-- WHAT IS EXPECTED --
Reproduce the entries below in full, word for word.

-- RECORDS FOR THE TASK --
(* Let $L$ be a post-Lie-Rinehart algebra over $R$, with anchor map $\rho$ and connection $\rhd$. Then $E\ell_R(L)$ is a subalgebra of the algebra (under composition) generated by $\{\delta X,\tilde{\delta}X : X\in L\}$.
   Context: Let $R$ be a commutative unital algebra. A Lie-Rinehart algebra over $R$ is an $R$-module $L$ with a Lie bracket $\llbracket\cdot,\cdot\rrbracket$ and an $R$-linear Lie algebra morphism $\rho:L\to\mathrm{Der}(R)$ (the anchor) such that $\llbracket X,fY\rrbracket=(\rho(X)f)Y+f\llbracket X,Y\rrbracket$ for $f\in R$ and $X,Y\in L$. A connection is a map $L\times L\to L$, $(X,Y)\mapsto X\rhd Y$, that is $R$-linear in $X$ and satisfies $X\rhd(fY)=(\rho(X)f)Y+f\,X\rhd Y$. Its torsion is $T(X,Y)=X\rhd Y-Y\rhd X-\llbracket X,Y\rrbracket$ and its curvature is $\mathcal{R}(X,Y,Z)=X\rhd(Y\rhd Z)-Y\rhd(X\rhd Z)-\llbracket X,Y\rrbracket\rhd Z$. A post-Lie-Rinehart algebra is a Lie-Rinehart algebra with a connection that is flat ($\mathcal{R}=0$) and has constant torsion ($X\rhd T(Y,Z)=T(X\rhd Y,Z)+T(Y,X\rhd Z)$). Put $[X,Y]:=-T(X,Y)$; then $(L,[\cdot,\cdot],\rhd)$ is a post-Lie algebra. The connection extends to $\mathrm{Hom}_R(L)$ by $(X\rhd u)(Y)=X\rhd u(Y)-u(X\rhd Y)$. For $X\in L$ define $\delta X\in\mathrm{Hom}_R(L)$ by $\delta X(Z)=Z\rhd X$, and $\tilde\delta X$ by $\tilde\delta X(Z)=Z\rhd X+[Z,X]$. $E\ell_R(L)$, the algebra of elementary $R$-module endomorphisms, is the $R$-module subalgebra of $\mathrm{Hom}_R(L)$ (with composition as product) generated by the elements $Y_1\rhd(Y_2\rhd(\cdots(Y_n\rhd\delta X)\cdots))$ with $n\ge 0$ and $X,Y_1,\dots,Y_n\in L$. *)

theory Defs
  imports Main
begin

-- EXERCISE OUTPUT --
(* Let $L$ be a post-Lie-Rinehart algebra over $R$, with anchor map $\rho$ and connection $\rhd$. Then $E\ell_R(L)$ is a subalgebra of the algebra (under composition) generated by $\{\delta X,\tilde{\delta}X : X\in L\}$.
   Context: Let $R$ be a commutative unital algebra. A Lie-Rinehart algebra over $R$ is an $R$-module $L$ with a Lie bracket $\llbracket\cdot,\cdot\rrbracket$ and an $R$-linear Lie algebra morphism $\rho:L\to\mathrm{Der}(R)$ (the anchor) such that $\llbracket X,fY\rrbracket=(\rho(X)f)Y+f\llbracket X,Y\rrbracket$ for $f\in R$ and $X,Y\in L$. A connection is a map $L\times L\to L$, $(X,Y)\mapsto X\rhd Y$, that is $R$-linear in $X$ and satisfies $X\rhd(fY)=(\rho(X)f)Y+f\,X\rhd Y$. Its torsion is $T(X,Y)=X\rhd Y-Y\rhd X-\llbracket X,Y\rrbracket$ and its curvature is $\mathcal{R}(X,Y,Z)=X\rhd(Y\rhd Z)-Y\rhd(X\rhd Z)-\llbracket X,Y\rrbracket\rhd Z$. A post-Lie-Rinehart algebra is a Lie-Rinehart algebra with a connection that is flat ($\mathcal{R}=0$) and has constant torsion ($X\rhd T(Y,Z)=T(X\rhd Y,Z)+T(Y,X\rhd Z)$). Put $[X,Y]:=-T(X,Y)$; then $(L,[\cdot,\cdot],\rhd)$ is a post-Lie algebra. The connection extends to $\mathrm{Hom}_R(L)$ by $(X\rhd u)(Y)=X\rhd u(Y)-u(X\rhd Y)$. For $X\in L$ define $\delta X\in\mathrm{Hom}_R(L)$ by $\delta X(Z)=Z\rhd X$, and $\tilde\delta X$ by $\tilde\delta X(Z)=Z\rhd X+[Z,X]$. $E\ell_R(L)$, the algebra of elementary $R$-module endomorphisms, is the $R$-module subalgebra of $\mathrm{Hom}_R(L)$ (with composition as product) generated by the elements $Y_1\rhd(Y_2\rhd(\cdots(Y_n\rhd\delta X)\cdots))$ with $n\ge 0$ and $X,Y_1,\dots,Y_n\in L$. *)

theory Defs
  imports Main
begin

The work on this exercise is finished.